Dixon has an open investigation into the PSC which began in 2017 after concerns were raised that the government had created a de facto national identity card. A spokesman for the commissioner said the investigation was at an advanced stage.
Speaking at a privacy event in Israel, Dixon said that the government’s strategy “shows a complete immaturity in terms of understanding” the European directive on the issue.
The state was planning to make the card mandatory for access to a range of services, including applying for a driving licence, passport, farm grants and student grants. However, it has since rolled back on some services outside the remit of the Department of Social Protection.
It also planned to use the data stored on the card as part of a new health portal to be established by the HSE.
A video clip of Dixon speaking at a panel on privacy and the digital economy at Tel Aviv University was posted online by organisers of the event last week. It featured strong criticisms of the government and its chief information officer (CIO).
Giving an example of where she claims the state was failing to understand its responsibilities regarding citizens’ privacy, Dixon referred to the PSC as a “national identity card” which the government has denied it is.

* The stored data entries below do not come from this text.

definition pseudo_riemannian_metric :: "(real^'n::finite \<Rightarrow> real^'n^'n) \<Rightarrow> bool" where
  "pseudo_riemannian_metric g \<longleftrightarrow>
     (\<forall>i j. smooth_fun (\<lambda>z. g z $ i $ j)) \<and>
     (\<forall>z. transpose (g z) = g z \<and> invertible (g z))"

text \<open>Christoffel symbols of the Levi-Civita connection:
  nabla_{d_a} d_b = sum_c christoffel g c a b * d_c, where
  Gamma_ab^c = 1/2 g^{cd} (d_a g_{bd} + d_b g_{ad} - d_d g_{ab}).\<close>
definition christoffel :: "(real^'n::finite \<Rightarrow> real^'n^'n) \<Rightarrow> 'n \<Rightarrow> 'n \<Rightarrow> 'n \<Rightarrow> real^'n \<Rightarrow> real" where
  "christoffel g c a b z = (1/2) * (\<Sum>d\<in>UNIV. matrix_inv (g z) $ c $ d *
      (partial_deriv a (\<lambda>w. g w $ b $ d) z + partial_deriv b (\<lambda>w. g w $ a $ d) z
       - partial_deriv d (\<lambda>w. g w $ a $ b) z))"

definition is_geodesic :: "(real^'n::finite \<Rightarrow> real^'n^'n) \<Rightarrow> real set \<Rightarrow> (real \<Rightarrow> real^'n) \<Rightarrow> bool" where
  "is_geodesic g I \<gamma> \<longleftrightarrow> open I \<and> is_interval I \<and>
     (\<exists>\<gamma>' \<gamma>''. \<forall>t\<in>I. (\<gamma> has_vector_derivative \<gamma>' t) (at t) \<and>
        (\<gamma>' has_vector_derivative \<gamma>'' t) (at t) \<and>
        (\<forall>c. \<gamma>'' t $ c + (\<Sum>a\<in>UNIV. \<Sum>b\<in>UNIV. christoffel g c a b (\<gamma> t) * \<gamma>' t $ a * \<gamma>' t $ b) = 0))"

definition geodesically_complete :: "(real^'n::finite \<Rightarrow> real^'n^'n) \<Rightarrow> bool" where
  "geodesically_complete g \<longleftrightarrow>
     (\<forall>I \<gamma>. is_geodesic g I \<gamma> \<longrightarrow> (\<exists>\<delta>. is_geodesic g UNIV \<delta> \<and> (\<forall>t\<in>I. \<delta> t = \<gamma> t)))"

text \<open>Exponential map at P: exp_P v = gamma(1) for the geodesic with gamma(0)=P, gamma'(0)=v
  (T_P R^n identified with R^n).\<close>
definition exp_map :: "(real^'n::finite \<Rightarrow> real^'n^'n) \<Rightarrow> real^'n \<Rightarrow> real^'n \<Rightarrow> real^'n" where
  "exp_map g P v = (THE q. \<exists>I \<gamma>. {0..1} \<subseteq> I \<and> is_geodesic g I \<gamma> \<and> \<gamma> 0 = P \<and>
       vector_derivative \<gamma> (at 0) = v \<and> \<gamma> 1 = q)"

end

theory Submission
  imports Defs
begin

text \<open>By the hypotheses on the Christoffel symbols, the \<open>c\<close>-th component of the geodesic
  equation \<open>\<gamma>\<^sub>c'' + \<Sum>\<^sub>a\<^sub>b \<Gamma>\<^sub>a\<^sub>b\<^sup>c(\<gamma>) \<gamma>\<^sub>a' \<gamma>\<^sub>b' = 0\<close> only involves \<open>\<gamma>\<^sub>j\<close> and \<open>\<gamma>\<^sub>j'\<close> for \<open>j < c\<close>.
  So the geodesic with \<open>\<gamma>(0) = P\<close>, \<open>\<gamma>'(0) = v\<close> is found coordinate by coordinate by
  integrating twice: it is unique, exists for all time and depends smoothly on \<open>(v, t)\<close>.
  For the same reason \<open>exp\<^sub>P(v)\<^sub>c - v\<^sub>c\<close> is a smooth function of \<open>v\<^sub>1, ..., v\<^sub>c\<^sub>-\<^sub>1\<close> alone,
  and such a triangular perturbation of the identity is inverted coordinate by coordinate,
  with smooth inverse. Both constructions iterate a map whose \<open>c\<close>-th output only depends
  on the inputs below \<open>c\<close>; after \<open>CARD('n)\<close> iterations it is a fixed point.\<close>

section \<open>Continuously differentiable functions on Euclidean spaces\<close>

definition dir_deriv :: "'a::real_normed_vector \<Rightarrow> ('a \<Rightarrow> real) \<Rightarrow> 'a \<Rightarrow> real" where
  "dir_deriv v f x = deriv (\<lambda>t. f (x + t *\<^sub>R v)) 0"

lemma has_derivative_along_line:
  assumes "(f has_derivative L) (at x)"
  shows "((\<lambda>t. f (x + t *\<^sub>R v)) has_field_derivative L v) (at 0)"
proof -
  have line: "((\<lambda>t. x + t *\<^sub>R v) has_derivative (\<lambda>t. t *\<^sub>R v)) (at 0)"
    by (rule derivative_eq_intros refl | simp)+
  have "((\<lambda>t. f (x + t *\<^sub>R v)) has_derivative (\<lambda>t. L (t *\<^sub>R v))) (at 0)"
    using has_derivative_compose[OF line, of f L] assms by simp
  moreover have "(\<lambda>t. L (t *\<^sub>R v)) = (\<lambda>t. L v * t)"
    using has_derivative_linear[OF assms] by (simp add: linear_scale mult.commute)
  ultimately show ?thesis
    by (simp add: has_field_derivative_def)
qed

lemma dir_deriv_eq:
  assumes "(f has_derivative L) (at x)"
  shows "dir_deriv v f x = L v"
  unfolding dir_deriv_def by (rule DERIV_imp_deriv[OF has_derivative_along_line[OF assms]])

lemma differentiable_along_line:
  assumes "f differentiable (at x)"
  shows "((\<lambda>t. f (x + t *\<^sub>R v)) has_field_derivative dir_deriv v f x) (at 0)"
proof -
  obtain L where "(f has_derivative L) (at x)"
    using assms by (auto simp: differentiable_def)
  then show ?thesis
    by (simp add: dir_deriv_eq has_derivative_along_line)
qed

lemma has_field_derivative_along_line:
  fixes f :: "'a::real_normed_vector \<Rightarrow> real"
  assumes "\<And>y. ((\<lambda>t. f (y + t *\<^sub>R v)) has_field_derivative D y) (at 0)"
  shows "((\<lambda>t. f (x + t *\<^sub>R v)) has_field_derivative D (x + s *\<^sub>R v)) (at s)"
proof -
  have "((\<lambda>t. f ((x + s *\<^sub>R v) + t *\<^sub>R v)) has_field_derivative D (x + s *\<^sub>R v)) (at 0)"
    by (rule assms)
  moreover have "(\<lambda>t. f ((x + s *\<^sub>R v) + t *\<^sub>R v)) = (\<lambda>t. f (x + (t + s) *\<^sub>R v))"
    by (simp add: scaleR_add_left add_ac)
  ultimately show ?thesis
    using DERIV_shift[of "\<lambda>t. f (x + t *\<^sub>R v)" "D (x + s *\<^sub>R v)" 0 s] by simp
qed

lemma has_derivative_dir_deriv:
  fixes f :: "'a::euclidean_space \<Rightarrow> real"
  assumes "f differentiable (at x)"
  shows "(f has_derivative (\<lambda>h. \<Sum>i\<in>Basis. (h \<bullet> i) * dir_deriv i f x)) (at x)"
proof -
  obtain L where L: "(f has_derivative L) (at x)"
    using assms by (auto simp: differentiable_def)
  have "L h = (\<Sum>i\<in>Basis. (h \<bullet> i) * dir_deriv i f x)" for h
  proof -
    have "L h = L (\<Sum>i\<in>Basis. (h \<bullet> i) *\<^sub>R i)"
      by (simp add: euclidean_representation)
    also have "\<dots> = (\<Sum>i\<in>Basis. (h \<bullet> i) * L i)"
      using has_derivative_linear[OF L] by (simp add: linear_sum linear_scale)
    finally show ?thesis
      by (simp add: dir_deriv_eq[OF L])
  qed
  then have "L = (\<lambda>h. \<Sum>i\<in>Basis. (h \<bullet> i) * dir_deriv i f x)"
    by (rule ext)
  with L show ?thesis by simp
qed

lemma has_derivative_partials_insert:
  fixes f :: "'a::euclidean_space \<Rightarrow> real"
  assumes partial: "\<And>x. ((\<lambda>t. f (x + t *\<^sub>R j)) has_field_derivative D j x) (at 0)"
    and cont: "\<And>i. i \<in> S \<Longrightarrow> continuous_on UNIV (D i)"
    and S_derivative: "\<And>x y. ((\<lambda>h. f (x + (\<Sum>i\<in>S. (h \<bullet> i) *\<^sub>R i))) has_derivative
      (\<lambda>k. \<Sum>i\<in>S. (k \<bullet> i) * D i (x + (\<Sum>i\<in>S. (y \<bullet> i) *\<^sub>R i)))) (at y)"
    and S: "finite S" "j \<notin> S"
  shows "((\<lambda>h. f (x + (\<Sum>i\<in>insert j S. (h \<bullet> i) *\<^sub>R i))) has_derivative
      (\<lambda>k. \<Sum>i\<in>insert j S. (k \<bullet> i) * D i (x + (\<Sum>i\<in>insert j S. (y \<bullet> i) *\<^sub>R i)))) (at y)"
proof -
  \<comment> \<open>Split off the \<open>j\<close>-th coordinate; the two partial derivatives are joined by
    \<open>has_derivative_partialsI\<close>, which needs continuity of the one in the \<open>S\<close>-directions.\<close>
  define F where "F t h = f (x + t *\<^sub>R j + (\<Sum>i\<in>S. (h \<bullet> i) *\<^sub>R i))" for t h
  define F\<^sub>h where
    "F\<^sub>h t h = (\<Sum>i\<in>S. D i (x + t *\<^sub>R j + (\<Sum>i\<in>S. (h \<bullet> i) *\<^sub>R i)) *\<^sub>R blinfun_inner_left i)" for t h
  define w where "w = x + (\<Sum>i\<in>S. (y \<bullet> i) *\<^sub>R i)"
  have sum_insert: "(\<Sum>i\<in>insert j S. (h \<bullet> i) *\<^sub>R i) = (h \<bullet> j) *\<^sub>R j + (\<Sum>i\<in>S. (h \<bullet> i) *\<^sub>R i)" for h
    using S by simp
  have "(\<lambda>t. F t y) = (\<lambda>t. f (w + t *\<^sub>R j))"
    by (simp add: F_def w_def algebra_simps)
  then have F_t: "((\<lambda>t. F t y) has_derivative (\<lambda>s. D j (w + (y \<bullet> j) *\<^sub>R j) * s)) (at (y \<bullet> j))"
    using has_field_derivative_along_line[of f j "D j", OF partial]
    by (simp add: has_field_derivative_def)
  have F_h: "((\<lambda>h. F t h) has_derivative blinfun_apply (F\<^sub>h t h)) (at h)" for t h
  proof -
    have "blinfun_apply (F\<^sub>h t h) =
        (\<lambda>k. \<Sum>i\<in>S. (k \<bullet> i) * D i ((x + t *\<^sub>R j) + (\<Sum>i\<in>S. (h \<bullet> i) *\<^sub>R i)))"
      by (simp add: F\<^sub>h_def blinfun.sum_left blinfun.scaleR_left mult.commute fun_eq_iff)
    with S_derivative[of "x + t *\<^sub>R j" h] show ?thesis
      by (simp add: F_def)
  qed
  have "continuous_on UNIV (\<lambda>p. F\<^sub>h (fst p) (snd p))"
    unfolding F\<^sub>h_def using cont
    by (intro continuous_on_sum continuous_on_scaleR continuous_on_const ballI
        continuous_on_compose2[OF cont] continuous_intros) auto
  then have "continuous (at (y \<bullet> j, y) within UNIV \<times> UNIV) (\<lambda>(t, h). F\<^sub>h t h)"
    by (simp add: case_prod_unfold continuous_on_eq_continuous_at)
  then have partials: "((\<lambda>(t, h). F t h) has_derivative
      (\<lambda>(s, k). D j (w + (y \<bullet> j) *\<^sub>R j) * s + F\<^sub>h (y \<bullet> j) y k)) (at (y \<bullet> j, y) within UNIV \<times> UNIV)"
    by (intro has_derivative_partialsI F_t F_h) auto
  have pair: "((\<lambda>h. (h \<bullet> j, h)) has_derivative (\<lambda>k. (k \<bullet> j, k))) (at y)"
    by (intro has_derivative_Pair bounded_linear_imp_has_derivative bounded_linear_inner_left
        has_derivative_ident)
  have "((\<lambda>h. F (h \<bullet> j) h) has_derivative
      (\<lambda>k. D j (w + (y \<bullet> j) *\<^sub>R j) * (k \<bullet> j) + F\<^sub>h (y \<bullet> j) y k)) (at y)"
    using has_derivative_compose[OF pair partials[unfolded UNIV_Times_UNIV]] by simp
  moreover have "F (h \<bullet> j) h = f (x + (\<Sum>i\<in>insert j S. (h \<bullet> i) *\<^sub>R i))" for h
    by (simp add: F_def sum_insert add.assoc)
  moreover have "D j (w + (y \<bullet> j) *\<^sub>R j) * (k \<bullet> j) + F\<^sub>h (y \<bullet> j) y k
      = (\<Sum>i\<in>insert j S. (k \<bullet> i) * D i (x + (\<Sum>i\<in>insert j S. (y \<bullet> i) *\<^sub>R i)))" for k
    using S
    by (simp add: F\<^sub>h_def blinfun.sum_left blinfun.scaleR_left w_def sum_insert algebra_simps)
  ultimately show ?thesis by simp
qed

When asked to appraise the government’s understanding of data protection she replied “[They] spend a lot of time lecturing me about the great and innovative uses that can be made with personal data, without willing to be accountable.
“I think the government in Ireland has huge leaps forward to make, in terms, first of all, of getting the basics of GDPR correct in various government departments.”
Dixon also repeated her claim that specific legislation was needed to provide transparency to the public regarding how their data is going to be used, which is required under data protection legislation.
“A national identity card has been introduced in Ireland, it is called the Public Services Card,” she said. “It has been introduced in Ireland without any specific underpinning legislation. Twelve pieces of ancient social welfare primary legislation with 71 statutory instruments hanging off them, tied together to produce the legal basis for this public services card.
“The government says: ‘Don’t worry about it, it’s not mandatory’, but it will be necessary to access any service in Ireland. It has a requirement for a high quality photograph on the face of the card that has to be taken on site at the digital agency, and then a centralised biometric template database is stored. So that’s really the situation in Ireland.”
Dixon said Ireland was moving slower technologically in its use of citizen data than other countries, but that it had “an awful lot of ground to catch up in data protection terms”.
The DPC investigation into the PSC began before the general data protection regulation (GDPR) came into force, which means the sanctions available to her are limited.
However, if a breach is found to have been ongoing past the date of GDPR’s enactment in May 2018, an investigation under the directive can be started.
This would give the DPC stronger sanctions against the government, and could lead to individuals taking claims against the state in the courts.
The government has claimed that there is a clear legal basis for the PSC, and three million of the cards have already been issued. The cost of the PSC project to date is €60 million.